Astra allows both bulk and real time operations through AstraDB and Astra Streaming. For each service there are multiple interfaces available and integration with Apache Beam/Google Dataflow is possible in different ways. Some of the design choices for this integration are below:

image

Data Bulk Operations

The Astra service which handles massive amount of data is Astra DB. It provides multiples ways to load data but some methods are preferred over others.

  • Cassandra and CQL: This is the way to go. It is the most mature and provides an efficient way to execute queries. With the native drivers you can run reactive queries and token range queries to distribute the load across the nodes. This is the approach that was taken with the original CassandraIO connector. The existing CassandraIO connector does not support Astra but we leveraged it to create a new AstraIO connector.

  • CQL over REST: This interface can be use with any HTTP client. While the Astra SDKs provides a built-in client, this interface is not the best for bulk loading as it introduces an extra layer of serialization.

  • CQL over GraphQL: This interface can be used with any HTTP Client. While the Astra SDKs provides a built-in client, this interface is not the best for bulk loading as it introduces an extra layer of serialization.

  • CQL over GRPC: This interface is stateless, with an optimized serialization component (grpc), and reactive interfaces so it is a viable option. Currently, the operations exposed are CQL and the token metadata information is not available to perform range queries.

Data Streaming Operations

The Astra service to handle streaming data is Astra Streaming. It provides multiple interfaces like JMS, RabbitMQ, Kafka, and built-in Apache Beam support is available in standard connectors.

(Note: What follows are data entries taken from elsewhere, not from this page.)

(* Assume $\gamma=0$ and $L$ is not conformal. Let $I$ be a two-sided ideal of $L$; if $o(r)=n<\infty$, assume in addition that $\tilde\phi(h^n)-C\in I$ for some $C\in\mathbb C^\times$. Let $x\in I$ with homogeneous decomposition $x=\sum_{i\in\mathbb Z}x_i$, $x_i\in L_i$. Then there is an integer $m\ge0$ such that $x_ih^m\in I$ for all $i\in\mathbb Z$.
   Context: Let $r,s\in\mathbb C^\times$, $\phi(x)=\sum_i a_ix^i\in\mathbb C[x]$, and $L=L(\phi,r,s,0)$ the associative $\mathbb C$-algebra generated by $u,d,h$ with $hu=ruh$, $dh=rhd$, $du-sud=\phi(h)$; $L$ is $\mathbb Z$-graded by $\deg u=1,\deg d=-1,\deg h=0$, with components $L_i$. $L$ is conformal if there is $\psi\in\mathbb C[x]$ with $s\psi(x)-\psi(rx)=\phi(x)$; $L$ is not conformal iff $s=r^i$ and $a_i\neq0$ for some $i\ge0$. $o(r)$ is the multiplicative order of $r$. When $o(r)=n<\infty$ and $L$ is not conformal, fix $j$ with $s=r^j$, $0\le j\le n-1$, and write $\phi=\phi_0+\phi_1$ with $\phi_0(h)=\sum_{i\not\equiv j \ (\mathrm{mod}\ n)}a_ih^i$ and $\phi_1(h)=\sum_{i\equiv j\ (\mathrm{mod}\ n)}a_ih^i=sh^j\tilde\phi(h^n)$ for a polynomial $\tilde\phi$. When $o(r)=\infty$ there is a unique $j$ with $s=r^j$, and $\phi_1(h)=a_jh^j=sCh^j$, $C\neq0$, $\phi_0=\phi-\phi_1$. *)

theory Defs
  imports Complex_Main "HOL-Computational_Algebra.Polynomial"
begin

text \<open>The free associative complex algebra on u, d, h: elements are finitely supported
  functions from words to coefficients; the down-up algebra L is its quotient by the ideal
  generated by the defining relations. Ideals of L are identified with ideals of the free
  algebra containing the relations.\<close>

datatype gen = U | D | H

type_synonym fa = "gen list \<Rightarrow> complex"

definition fin :: "fa \<Rightarrow> bool" where
  "fin f \<longleftrightarrow> finite {w. f w \<noteq> 0}"

definition fadd :: "fa \<Rightarrow> fa \<Rightarrow> fa" where
  "fadd f g = (\<lambda>w. f w + g w)"

definition fsub :: "fa \<Rightarrow> fa \<Rightarrow> fa" where
  "fsub f g = (\<lambda>w. f w - g w)"

definition fscale :: "complex \<Rightarrow> fa \<Rightarrow> fa" where
  "fscale c f = (\<lambda>w. c * f w)"

definition fmul :: "fa \<Rightarrow> fa \<Rightarrow> fa" where
  "fmul f g = (\<lambda>w. \<Sum>k\<le>length w. f (take k w) * g (drop k w))"

definition mon :: "gen list \<Rightarrow> fa" where
  "mon v = (\<lambda>w. if w = v then 1 else 0)"

definition fone :: fa where "fone = mon []"

definition hpow :: "nat \<Rightarrow> fa" where
  "hpow m = mon (replicate m H)"

text \<open>Evaluation p(h^n) of a polynomial at the n-th power of h.\<close>
definition evalHpow :: "complex poly \<Rightarrow> nat \<Rightarrow> fa" where
  "evalHpow p n = (\<lambda>w. if (\<forall>g\<in>set w. g = H) \<and> n dvd length w
                        then coeff p (length w div n) else 0)"

definition evalH :: "complex poly \<Rightarrow> fa" where
  "evalH p = evalHpow p 1"

definition two_sided_ideal :: "fa set \<Rightarrow> bool" where
  "two_sided_ideal I \<longleftrightarrow>
     (\<forall>x\<in>I. fin x) \<and> (\<lambda>w. 0) \<in> I \<and>
     (\<forall>x\<in>I. \<forall>y\<in>I. fadd x y \<in> I) \<and>
     (\<forall>x\<in>I. \<forall>a. fin a \<longrightarrow> fmul a x \<in> I \<and> fmul x a \<in> I)"

text \<open>Defining relations of L(phi, r, s, 0).\<close>
definition downup_rels :: "complex poly \<Rightarrow> complex \<Rightarrow> complex \<Rightarrow> fa set" where
  "downup_rels phi r s =
     { fsub (mon [H,U]) (fscale r (mon [U,H])),
       fsub (mon [D,H]) (fscale r (mon [H,D])),
       fsub (fsub (mon [D,U]) (fscale s (mon [U,D]))) (evalH phi) }"

definition downup_ideal :: "complex poly \<Rightarrow> complex \<Rightarrow> complex \<Rightarrow> fa set \<Rightarrow> bool" where
  "downup_ideal phi r s I \<longleftrightarrow> two_sided_ideal I \<and> downup_rels phi r s \<subseteq> I"

definition wdeg :: "gen list \<Rightarrow> int" where
  "wdeg w = int (length (filter (\<lambda>g. g = U) w)) - int (length (filter (\<lambda>g. g = D) w))"

definition hcomp :: "int \<Rightarrow> fa \<Rightarrow> fa" where
  "hcomp i x = (\<lambda>w. if wdeg w = i then x w else 0)"

definition conformal :: "complex poly \<Rightarrow> complex \<Rightarrow> complex \<Rightarrow> bool" where
  "conformal phi r s \<longleftrightarrow> (\<exists>psi. smult s psi - pcompose psi [:0, r:] = phi)"

text \<open>phi-tilde: phi_1(h) = s h^j phitilde(h^n), i.e. coefficient k of phitilde is a_{j+kn}/s.\<close>
definition phi_tilde :: "complex poly \<Rightarrow> complex \<Rightarrow> nat \<Rightarrow> nat \<Rightarrow> complex poly" where
  "phi_tilde phi s n j = Poly (map (\<lambda>k. coeff phi (j + k * n) / s) [0..<degree phi + 1])"

end

theory Submission
  imports Defs
begin

(* The proof rests on one separation principle (lemma eigen_separation): if an additive,
   J-preserving operator T acts on every homogeneous element y of degree i, up to J and
   up to right multiplication by a fixed element P, as the scalar lam i, and lam is
   injective, then for x \<in> J the Vandermonde determinant of the values lam i lets us
   isolate each component x_i * P^m \<in> J from the elements T^k(x) \<in> J.
   - If r is not a root of unity, T is left multiplication by h and P = h:
     h y = r^i y h for y of degree i (lemma hcomm_homogeneous).
   - If r has finite order n and s = r^j, the paper's element
     Z = (ud + psi(h)) h^(n-j), with psi chosen so that phi - s psi(h) + psi(rh) = phi_1,
     satisfies Z y = y Z + i C y h^n, using phi_tilde(h^n) \<approx> C; then T = [Z, -] and
     P = h^n (lemma finite_order_case).
   Non-conformality of L guarantees s = r^j for some j (lemma nonconformal_power). *)

section \<open>The free algebra on u, d, h\<close>

text \<open>Associativity of the convolution product, by reindexing the double sum over
  splittings of a word into three pieces.\<close>
lemma fmul_assoc: "fmul (fmul f g) k = fmul f (fmul g k)"
proof
  fix w :: "gen list"
  define N where "N = length w"
  define F where "F l m = f (take l w) * g (take (m-l) (drop l w)) * k (drop m w)" for l m
  have lhs: "fmul (fmul f g) k w = (\<Sum>m\<le>N. \<Sum>l\<le>m. F l (l + (m - l)))"
    unfolding fmul_def F_def N_def
    by (auto simp: sum_distrib_right min_def drop_take intro!: sum.cong)
  have rhs: "fmul f (fmul g k) w = (\<Sum>l\<le>N. \<Sum>m\<le>N-l. F l (l+m))"
    unfolding fmul_def F_def N_def
    by (auto simp: sum_distrib_left mult.assoc add.commute intro!: sum.cong)
  have "(\<Sum>(l,m)\<in>{(i,j). i+j \<le> N}. F l (l+m)) = (\<Sum>m\<le>N. \<Sum>l\<le>m. F l (l + (m - l)))"
    by (rule sum.triangle_reindex_eq)
  moreover have "{(i,j). i+j \<le> N} = Sigma {..N} (\<lambda>l. {..N-l})" by auto
  ultimately show "fmul (fmul f g) k w = fmul f (fmul g k) w"
    using lhs rhs by (simp add: sum.Sigma)
qed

To leverage the split capabilities of Pulsar, a PulsarIO connector was released in 2022. To learn more about its development you can follow this video from the Beam Summit 2022.

Apache Beam

1. Overview

Introduction to Apache Beam

image

Objectives

Apache Beam is an open-source, unified programming model for batch and streaming data processing pipelines that simplifies large-scale data processing dynamics. Thousands of organizations around the world choose Apache Beam due to its unique data processing features, proven scale, and powerful yet extensible capabilities.

image

Main Concepts

image

  • Pipeline: A Pipeline encapsulates your entire data processing task, from start to finish. This includes reading input data, transforming that data, and writing output data. All Beam driver programs must create a Pipeline. When you create the Pipeline, you must also specify the execution options that tell the Pipeline where and how to run.

  • PCollection: A PCollection represents a distributed data set that your Beam pipeline operates on. The data set can be bounded, meaning it comes from a fixed source like a file, or unbounded, meaning it comes from a continuously updating source via a subscription or other mechanisms. Your pipeline typically creates an initial PCollection by reading data from an external data source, but you can also create a PCollection from in-memory data within your driver program. From there, PCollections are the inputs and outputs for each step in your pipeline.

  • PTransform: A PTransform represents a data processing operation, or a step, in your pipeline. Every PTransform takes one or more PCollection objects as input, performs a processing function that you provide on the elements of that PCollection, and produces zero or more output PCollection objects.

  • Input and Output so called I/O transforms: Beam comes with a number of “IOs” - library PTransforms that read or write data to various external storage systems.

I/O Connectors

Apache Beam I/O connectors provide read and write transforms for the most popular data storage systems so that Beam users can benefit from natively optimised connectivity. With the available I/Os, Apache Beam pipelines can read and write data to and from an external storage type in a unified and distributed way.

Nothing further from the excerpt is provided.